*Information provided*.
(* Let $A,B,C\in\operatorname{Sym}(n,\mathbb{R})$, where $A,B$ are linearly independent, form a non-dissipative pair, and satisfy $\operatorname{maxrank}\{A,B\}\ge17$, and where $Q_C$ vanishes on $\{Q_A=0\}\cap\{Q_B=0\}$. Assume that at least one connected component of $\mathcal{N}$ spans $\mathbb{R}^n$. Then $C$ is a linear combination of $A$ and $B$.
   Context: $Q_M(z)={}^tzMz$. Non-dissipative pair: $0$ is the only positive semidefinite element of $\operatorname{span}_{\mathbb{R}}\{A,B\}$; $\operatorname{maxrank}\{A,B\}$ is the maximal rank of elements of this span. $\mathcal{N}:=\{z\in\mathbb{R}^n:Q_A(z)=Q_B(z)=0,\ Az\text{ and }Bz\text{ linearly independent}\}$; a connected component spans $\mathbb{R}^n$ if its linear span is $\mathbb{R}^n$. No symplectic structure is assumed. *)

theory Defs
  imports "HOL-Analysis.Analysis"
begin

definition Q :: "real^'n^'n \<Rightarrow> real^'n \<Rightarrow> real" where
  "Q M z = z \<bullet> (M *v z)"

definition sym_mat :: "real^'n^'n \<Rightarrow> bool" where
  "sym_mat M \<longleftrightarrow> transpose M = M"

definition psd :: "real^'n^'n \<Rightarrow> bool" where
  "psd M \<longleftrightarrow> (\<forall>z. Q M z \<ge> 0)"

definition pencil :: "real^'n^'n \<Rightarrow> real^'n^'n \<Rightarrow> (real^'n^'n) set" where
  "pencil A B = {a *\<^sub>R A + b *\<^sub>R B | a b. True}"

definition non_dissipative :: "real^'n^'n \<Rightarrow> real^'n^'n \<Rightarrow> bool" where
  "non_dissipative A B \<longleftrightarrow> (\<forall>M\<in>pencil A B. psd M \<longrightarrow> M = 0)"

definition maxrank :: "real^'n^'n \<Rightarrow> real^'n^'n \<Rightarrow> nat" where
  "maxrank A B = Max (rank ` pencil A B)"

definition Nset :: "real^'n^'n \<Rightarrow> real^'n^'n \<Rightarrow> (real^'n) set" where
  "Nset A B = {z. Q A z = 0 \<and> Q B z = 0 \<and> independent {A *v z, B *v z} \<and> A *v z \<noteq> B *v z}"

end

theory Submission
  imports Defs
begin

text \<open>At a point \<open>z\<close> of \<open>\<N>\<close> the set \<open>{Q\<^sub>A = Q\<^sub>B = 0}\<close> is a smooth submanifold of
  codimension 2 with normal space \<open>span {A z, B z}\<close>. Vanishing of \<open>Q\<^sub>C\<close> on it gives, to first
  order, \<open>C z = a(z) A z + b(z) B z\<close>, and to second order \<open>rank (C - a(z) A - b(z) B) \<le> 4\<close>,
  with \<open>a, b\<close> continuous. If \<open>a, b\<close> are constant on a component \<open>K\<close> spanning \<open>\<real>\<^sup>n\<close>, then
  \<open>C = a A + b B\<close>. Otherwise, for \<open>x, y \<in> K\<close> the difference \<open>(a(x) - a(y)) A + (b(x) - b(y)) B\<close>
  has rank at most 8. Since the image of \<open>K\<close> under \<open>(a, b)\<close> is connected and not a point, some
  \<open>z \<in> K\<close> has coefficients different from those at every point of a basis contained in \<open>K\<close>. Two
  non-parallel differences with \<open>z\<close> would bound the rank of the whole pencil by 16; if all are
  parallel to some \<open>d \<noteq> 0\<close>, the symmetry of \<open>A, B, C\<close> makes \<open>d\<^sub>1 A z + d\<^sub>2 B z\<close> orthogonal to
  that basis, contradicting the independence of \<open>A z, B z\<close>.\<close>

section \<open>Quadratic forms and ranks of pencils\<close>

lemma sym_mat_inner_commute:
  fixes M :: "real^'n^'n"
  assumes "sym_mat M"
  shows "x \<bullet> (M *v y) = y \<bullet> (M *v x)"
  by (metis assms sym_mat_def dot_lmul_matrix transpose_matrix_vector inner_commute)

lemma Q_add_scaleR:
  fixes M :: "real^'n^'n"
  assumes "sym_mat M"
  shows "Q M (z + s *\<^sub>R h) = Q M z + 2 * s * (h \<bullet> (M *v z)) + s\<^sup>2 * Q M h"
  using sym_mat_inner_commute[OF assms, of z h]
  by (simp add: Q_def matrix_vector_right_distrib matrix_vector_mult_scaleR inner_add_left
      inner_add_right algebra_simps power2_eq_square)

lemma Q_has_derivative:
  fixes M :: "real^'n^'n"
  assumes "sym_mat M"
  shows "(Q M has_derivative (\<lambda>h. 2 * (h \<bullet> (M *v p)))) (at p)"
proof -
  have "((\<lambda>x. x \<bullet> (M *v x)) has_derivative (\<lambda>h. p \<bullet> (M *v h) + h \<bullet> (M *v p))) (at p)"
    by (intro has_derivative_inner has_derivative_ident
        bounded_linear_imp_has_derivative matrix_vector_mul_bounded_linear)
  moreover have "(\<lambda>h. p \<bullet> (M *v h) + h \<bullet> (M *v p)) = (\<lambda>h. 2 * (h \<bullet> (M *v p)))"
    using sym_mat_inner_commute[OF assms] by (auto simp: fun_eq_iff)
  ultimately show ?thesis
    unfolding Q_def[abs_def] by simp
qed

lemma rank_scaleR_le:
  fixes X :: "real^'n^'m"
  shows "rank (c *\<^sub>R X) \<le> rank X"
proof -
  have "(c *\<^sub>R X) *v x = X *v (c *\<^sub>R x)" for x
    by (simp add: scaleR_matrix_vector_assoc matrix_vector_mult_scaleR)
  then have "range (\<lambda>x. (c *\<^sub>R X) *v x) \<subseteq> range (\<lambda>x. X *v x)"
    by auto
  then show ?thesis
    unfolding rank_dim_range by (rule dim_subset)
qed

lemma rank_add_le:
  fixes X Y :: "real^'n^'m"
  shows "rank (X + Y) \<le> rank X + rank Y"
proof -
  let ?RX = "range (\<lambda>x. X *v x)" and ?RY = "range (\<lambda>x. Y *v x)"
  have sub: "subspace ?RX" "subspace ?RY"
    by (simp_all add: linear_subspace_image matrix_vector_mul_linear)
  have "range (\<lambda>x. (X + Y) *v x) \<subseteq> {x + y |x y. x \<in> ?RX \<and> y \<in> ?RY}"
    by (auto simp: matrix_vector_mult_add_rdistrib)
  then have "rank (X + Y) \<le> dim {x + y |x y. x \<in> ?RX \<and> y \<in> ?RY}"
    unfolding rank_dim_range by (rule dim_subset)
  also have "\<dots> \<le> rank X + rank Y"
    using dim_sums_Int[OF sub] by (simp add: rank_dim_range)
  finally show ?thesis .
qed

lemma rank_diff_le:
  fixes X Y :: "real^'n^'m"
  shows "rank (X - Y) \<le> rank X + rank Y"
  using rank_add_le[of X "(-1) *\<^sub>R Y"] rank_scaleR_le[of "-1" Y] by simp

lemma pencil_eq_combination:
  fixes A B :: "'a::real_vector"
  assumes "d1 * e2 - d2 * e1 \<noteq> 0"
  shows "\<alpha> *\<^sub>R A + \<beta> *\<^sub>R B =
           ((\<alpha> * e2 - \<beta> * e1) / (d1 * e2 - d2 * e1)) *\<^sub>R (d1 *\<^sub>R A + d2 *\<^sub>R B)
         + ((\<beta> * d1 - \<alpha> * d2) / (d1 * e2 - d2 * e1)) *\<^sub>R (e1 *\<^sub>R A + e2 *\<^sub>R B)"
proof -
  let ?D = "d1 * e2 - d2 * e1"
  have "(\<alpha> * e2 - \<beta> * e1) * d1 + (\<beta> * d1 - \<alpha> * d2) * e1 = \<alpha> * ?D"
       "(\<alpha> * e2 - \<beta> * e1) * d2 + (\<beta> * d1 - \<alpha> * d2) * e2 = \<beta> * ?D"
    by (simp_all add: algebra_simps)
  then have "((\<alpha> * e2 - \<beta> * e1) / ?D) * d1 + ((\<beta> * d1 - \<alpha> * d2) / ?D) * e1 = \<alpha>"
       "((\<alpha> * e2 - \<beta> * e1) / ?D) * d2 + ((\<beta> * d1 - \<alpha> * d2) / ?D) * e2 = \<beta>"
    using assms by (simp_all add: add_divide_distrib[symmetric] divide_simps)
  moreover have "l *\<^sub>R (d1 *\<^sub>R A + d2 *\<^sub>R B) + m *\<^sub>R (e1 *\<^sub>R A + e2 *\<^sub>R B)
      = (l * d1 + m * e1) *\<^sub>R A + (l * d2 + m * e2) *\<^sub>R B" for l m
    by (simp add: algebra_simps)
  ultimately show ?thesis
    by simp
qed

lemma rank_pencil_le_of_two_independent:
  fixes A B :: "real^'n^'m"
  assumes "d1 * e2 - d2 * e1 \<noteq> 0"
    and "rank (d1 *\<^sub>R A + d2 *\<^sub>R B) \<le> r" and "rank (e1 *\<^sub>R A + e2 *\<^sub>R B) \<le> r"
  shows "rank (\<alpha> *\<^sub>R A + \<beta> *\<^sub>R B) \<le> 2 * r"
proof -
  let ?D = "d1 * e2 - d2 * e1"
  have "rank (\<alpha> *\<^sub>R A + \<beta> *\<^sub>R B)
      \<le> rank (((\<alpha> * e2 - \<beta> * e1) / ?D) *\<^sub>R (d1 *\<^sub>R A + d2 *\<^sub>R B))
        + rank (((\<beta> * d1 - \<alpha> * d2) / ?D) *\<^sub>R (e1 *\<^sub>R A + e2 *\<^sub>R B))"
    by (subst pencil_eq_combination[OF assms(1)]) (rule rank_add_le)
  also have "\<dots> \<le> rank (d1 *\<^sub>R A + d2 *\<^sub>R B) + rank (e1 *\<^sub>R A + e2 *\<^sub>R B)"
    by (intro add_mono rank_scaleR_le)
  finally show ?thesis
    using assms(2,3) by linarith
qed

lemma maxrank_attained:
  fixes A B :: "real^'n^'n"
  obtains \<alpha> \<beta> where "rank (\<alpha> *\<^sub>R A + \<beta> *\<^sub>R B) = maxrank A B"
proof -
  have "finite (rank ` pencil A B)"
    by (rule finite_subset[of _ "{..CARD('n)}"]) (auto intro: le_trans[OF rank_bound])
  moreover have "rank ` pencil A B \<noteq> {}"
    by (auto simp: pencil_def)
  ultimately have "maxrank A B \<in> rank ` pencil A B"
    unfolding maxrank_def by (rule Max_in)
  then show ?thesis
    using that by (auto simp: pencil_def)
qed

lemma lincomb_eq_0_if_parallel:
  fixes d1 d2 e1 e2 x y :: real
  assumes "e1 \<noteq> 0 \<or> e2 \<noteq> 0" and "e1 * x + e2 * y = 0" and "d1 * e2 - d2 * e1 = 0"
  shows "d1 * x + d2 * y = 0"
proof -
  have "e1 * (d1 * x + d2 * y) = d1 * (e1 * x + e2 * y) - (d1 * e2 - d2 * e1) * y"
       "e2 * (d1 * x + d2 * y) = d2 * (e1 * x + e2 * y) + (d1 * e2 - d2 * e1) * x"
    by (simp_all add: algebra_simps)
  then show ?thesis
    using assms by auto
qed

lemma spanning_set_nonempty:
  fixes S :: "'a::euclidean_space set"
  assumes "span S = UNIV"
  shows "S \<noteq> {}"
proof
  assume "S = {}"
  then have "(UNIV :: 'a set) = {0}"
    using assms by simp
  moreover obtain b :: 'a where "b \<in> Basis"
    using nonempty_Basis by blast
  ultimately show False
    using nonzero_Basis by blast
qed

*Task to complete*. Reproducing the whole listing above is not the task. Copy exactly only the lines from the one with "A B \<noteq>" to the one with "0 \<or> e2 \<noteq>", both kept.

*Response*.
  moreover have "rank ` pencil A B \<noteq> {}"
    by (auto simp: pencil_def)
  ultimately have "maxrank A B \<in> rank ` pencil A B"
    unfolding maxrank_def by (rule Max_in)
  then show ?thesis
    using that by (auto simp: pencil_def)
qed

lemma lincomb_eq_0_if_parallel:
  fixes d1 d2 e1 e2 x y :: real
  assumes "e1 \<noteq> 0 \<or> e2 \<noteq> 0" and "e1 * x + e2 * y = 0" and "d1 * e2 - d2 * e1 = 0"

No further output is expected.